Freshly prepared pterostilbene standard curves were analyzed along with samples on each day of analysis. Instrument calibrators and quality control (QC) samples were prepared by adding 10 μL of a stock pterostilbene solution (in a methanol/water mixture [v/v 50:50] to 100 μL of rat plasma (Bioreclamation Inc., Westbury, NY). Target calibrator concentrations were 5, 10, 20, 50, 100, 200, 500, and 1,000 ng/mL. QC samples were prepared at approximately 12, 400, and 800 ng/mL. Calibrators and QC samples were processed for analysis using the procedure described earlier. The concentration of conjugated metabolites for both agents was estimated using the calibration curve for each parent compound.
Chromatography was performed using a Luna 3μC18, 30 × 2.0 mm column (Phenomenex, Torrance, CA) maintained at a temperature of 25°C. A flow rate of 0.25 mL/min was used. Mobile phase (MP) A consisted of 5 mM ammonium acetate in water:isopropanol (98:2, v/v); and MP B consisted of methanol:isopropanol (98:2, v/v). The MP gradient was as follows: after injection, initial conditions with MP A at 90% were held for 0.5 min, decreased to 5% in 3.5 min and held constant for 5 min, returning to initial conditions for another 3 min of re-equilibration time. Retention times for the target analytes were: pterostilbene, 6.3 min; pterostilbene glucuronide, 5.4 min; and pterostilbene sulfate, 5.5 min. Total run time was 12 min.
A turbo ion spray interface was used as the ion source operating in negative ion mode. Acquisition was performed in multiple reaction monitoring mode using the following ions: pterostilbene, 255.1 → 197.5; pterostilbene glucuronide, 431.1 → 255.1; and pterostilbene sulfate, 335.1 → 255.1. Ion spray voltage was −3,000 V; ion source temperature was 450°C; and collision energy was −30, −35, or 45 V.
The selectivity of the method was assessed by analyzing plasma extracts from different lots for the presence of analytical interferences and comparing the results to those obtained from spiking the blank plasma sources with analytes at the lower limit of quantitation (LLOQ; 5 ng/mL). Linearity was assessed using external standard method (pterostilbene) and up to eight calibrators with analyte concentrations in the 5–1,000 ng/mL range. The curves were built from peak areas using least-squares linear regression with (1/x) weighting factor. The weighting factor was chosen based on goodness-of-fit criteria including coefficient of determination (r2), the back-calculated concentration of individual calibrators, and minimizing intercept value. Precision and accuracy of the method were determined from QC sample results. Within-run precision and accuracy were assessed from the results from a single day, while between-run precision and accuracy were determined from the results from multiple runs.

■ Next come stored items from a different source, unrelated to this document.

lemma combination_cong:
  "(\<And>j. j < n \<Longrightarrow> \<alpha> j = \<beta> j \<and> x j = y j) \<Longrightarrow> combination n \<alpha> x = combination n \<beta> y"
  unfolding combination_def by (auto intro: sum.cong)

lemma combination_rescale:
  fixes \<alpha> :: "nat \<Rightarrow> 'a::field"
  assumes "c \<noteq> 0"
  shows "combination (Suc n) \<alpha> x = (\<lambda>i. c * combination n (\<lambda>j. \<alpha> j / c) x i + \<alpha> n * x n i)"
  using assms by (auto simp: combination_def sum_distrib_left)

lemma combination_shift_weight:
  assumes "\<gamma> * l = \<alpha> (Suc k)"
  shows "combination (Suc (Suc k)) (\<alpha>(k := \<alpha> k - \<gamma> * (1 - l), Suc k := \<gamma>))
           (x(Suc k := (\<lambda>i. l * x (Suc k) i + (1 - l) * x k i))) = combination (Suc (Suc k)) \<alpha> x"
proof
  fix i
  have "combination k (\<alpha>(k := \<alpha> k - \<gamma> * (1 - l), Suc k := \<gamma>))
          (x(Suc k := (\<lambda>i. l * x (Suc k) i + (1 - l) * x k i))) = combination k \<alpha> x"
    by (rule combination_cong) simp
  then show "combination (Suc (Suc k)) (\<alpha>(k := \<alpha> k - \<gamma> * (1 - l), Suc k := \<gamma>))
      (x(Suc k := (\<lambda>i. l * x (Suc k) i + (1 - l) * x k i))) i = combination (Suc (Suc k)) \<alpha> x i"
    by (simp add: combination_Suc assms[symmetric] algebra_simps)
qed

lemma sum_shift_weight:
  fixes \<alpha> :: "nat \<Rightarrow> 'a::comm_ring_1"
  assumes "\<gamma> * l = \<alpha> (Suc k)"
  shows "(\<Sum>j<Suc (Suc k). (\<alpha>(k := \<alpha> k - \<gamma> * (1 - l), Suc k := \<gamma>)) j) = (\<Sum>j<Suc (Suc k). \<alpha> j)"
proof -
  have "(\<Sum>j<k. (\<alpha>(k := \<alpha> k - \<gamma> * (1 - l), Suc k := \<gamma>)) j) = (\<Sum>j<k. \<alpha> j)"
    by (rule sum.cong) simp_all
  then show ?thesis
    by (simp add: assms[symmetric] algebra_simps)
qed
(* Let $G=(V,E)$ be a finite, undirected, unweighted, 2-vertex-connected graph with $n=|V|$ vertices, and let $\gamma<3$ be a real number. Suppose $T$ is a minimum spanning tree of $G$ and $C_T$ is a cycle (closed walk) in $G$, not necessarily simple, whose vertex set contains every vertex of odd degree in $T$, and such that $\ell(C_T)\le(1+\gamma)|C_T|$. Then $G$ has a TSP tour of length at most $\frac{4n}{3-\gamma}$.
   Context: For a (not necessarily simple) cycle $C$, i.e. a closed walk in $G$ that may repeat vertices, $|C|$ denotes the number of distinct vertices of $C$ and $\ell(C)$ denotes the length of a traversal of $C$, i.e. the number of edges traversed counted with multiplicity. A TSP tour of $G$ is a closed walk in $G$ visiting every vertex at least once, with length the number of edges traversed counted with multiplicity. Since $G$ is unweighted, every spanning tree is a minimum spanning tree. *)

theory Defs
  imports Complex_Main
begin

definition graph :: "'a set \<Rightarrow> 'a set set \<Rightarrow> bool" where
  "graph V E \<longleftrightarrow> finite V \<and> (\<forall>e\<in>E. e \<subseteq> V \<and> card e = 2)"

definition walk :: "'a set \<Rightarrow> 'a set set \<Rightarrow> 'a list \<Rightarrow> bool" where
  "walk V E xs \<longleftrightarrow> xs \<noteq> [] \<and> set xs \<subseteq> V \<and>
     (\<forall>i < length xs - 1. {xs ! i, xs ! Suc i} \<in> E)"

definition walk_length :: "'a list \<Rightarrow> nat" where
  "walk_length xs = length xs - 1"

definition closed_walk :: "'a set \<Rightarrow> 'a set set \<Rightarrow> 'a list \<Rightarrow> bool" where
  "closed_walk V E xs \<longleftrightarrow> walk V E xs \<and> hd xs = last xs"

definition connected_graph :: "'a set \<Rightarrow> 'a set set \<Rightarrow> bool" where
  "connected_graph V E \<longleftrightarrow>
     (\<forall>u\<in>V. \<forall>v\<in>V. \<exists>xs. walk V E xs \<and> hd xs = u \<and> last xs = v)"

definition two_vertex_connected :: "'a set \<Rightarrow> 'a set set \<Rightarrow> bool" where
  "two_vertex_connected V E \<longleftrightarrow> card V \<ge> 3 \<and> connected_graph V E \<and>
     (\<forall>v\<in>V. connected_graph (V - {v}) {e\<in>E. v \<notin> e})"

definition acyclic_edges :: "'a set \<Rightarrow> 'a set set \<Rightarrow> bool" where
  "acyclic_edges V T \<longleftrightarrow>
     (\<forall>e\<in>T. \<forall>u v. e = {u, v} \<longrightarrow>
        \<not> (\<exists>xs. walk V (T - {e}) xs \<and> hd xs = u \<and> last xs = v))"

definition spanning_tree :: "'a set \<Rightarrow> 'a set set \<Rightarrow> 'a set set \<Rightarrow> bool" where
  "spanning_tree V E T \<longleftrightarrow> T \<subseteq> E \<and> connected_graph V T \<and> acyclic_edges V T"

text \<open>Unweighted graph: every spanning tree is a minimum spanning tree.\<close>
definition minimum_spanning_tree :: "'a set \<Rightarrow> 'a set set \<Rightarrow> 'a set set \<Rightarrow> bool" where
  "minimum_spanning_tree V E T \<longleftrightarrow> spanning_tree V E T \<and>
     (\<forall>T'. spanning_tree V E T' \<longrightarrow> card T \<le> card T')"

definition degree :: "'a set set \<Rightarrow> 'a \<Rightarrow> nat" where
  "degree T v = card {e\<in>T. v \<in> e}"

definition tsp_tour :: "'a set \<Rightarrow> 'a set set \<Rightarrow> 'a list \<Rightarrow> bool" where
  "tsp_tour V E xs \<longleftrightarrow> closed_walk V E xs \<and> V \<subseteq> set xs"

end

theory Submission
  imports Defs "HOL-Library.Multiset"
begin

text \<open>Write L for the length of C and k for its number of vertices, and compare two tours.
  The odd-degree vertices of T are even in number and lie on C; colouring the steps of C
  alternately, switching colour at one occurrence of each of them, gives two classes of
  steps, each of which has odd degree exactly at those vertices. The smaller class X has at most
  L/2 steps, and T together with X is a connected multigraph with all degrees even, so it has an
  Euler tour, of length at most n - 1 + L/2. Alternatively, C extended by a detour to each of the
  n - k missing vertices is a tour of length at most L + 2(n - k). Since L \<le> (1 + \<gamma>) k, the
  shorter of the two has length at most 4n/(3 - \<gamma>).\<close>

section \<open>Walks\<close>

fun walk_edges :: "'a list \<Rightarrow> 'a set set" where
  "walk_edges (x # y # xs) = insert {x, y} (walk_edges (y # xs))"
| "walk_edges _ = {}"

lemma walk_edges_Cons: "walk_edges (x # xs) = (if xs = [] then {} else insert {x, hd xs} (walk_edges xs))"
  by (cases xs) auto

lemma walk_edges_append: "walk_edges (xs @ ys) = walk_edges xs \<union> walk_edges ys \<union>
   (if xs \<noteq> [] \<and> ys \<noteq> [] then {{last xs, hd ys}} else {})"
  by (induction xs) (auto simp: walk_edges_Cons)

No significant peaks interfering with the quantitation of the agents were detected in the chromatograms of blank plasma. Calibration curves for both agents were linear from 5 to 1,000 ng/mL. The r2values were greater than 0.995. The back-calculated concentration of individual calibrators used to determine the calibration curve ranged from 90 to 100% of the true value. The method’s precision (CV%) was less than 10% and within-run accuracy ranged from 92 to 109% for both agents.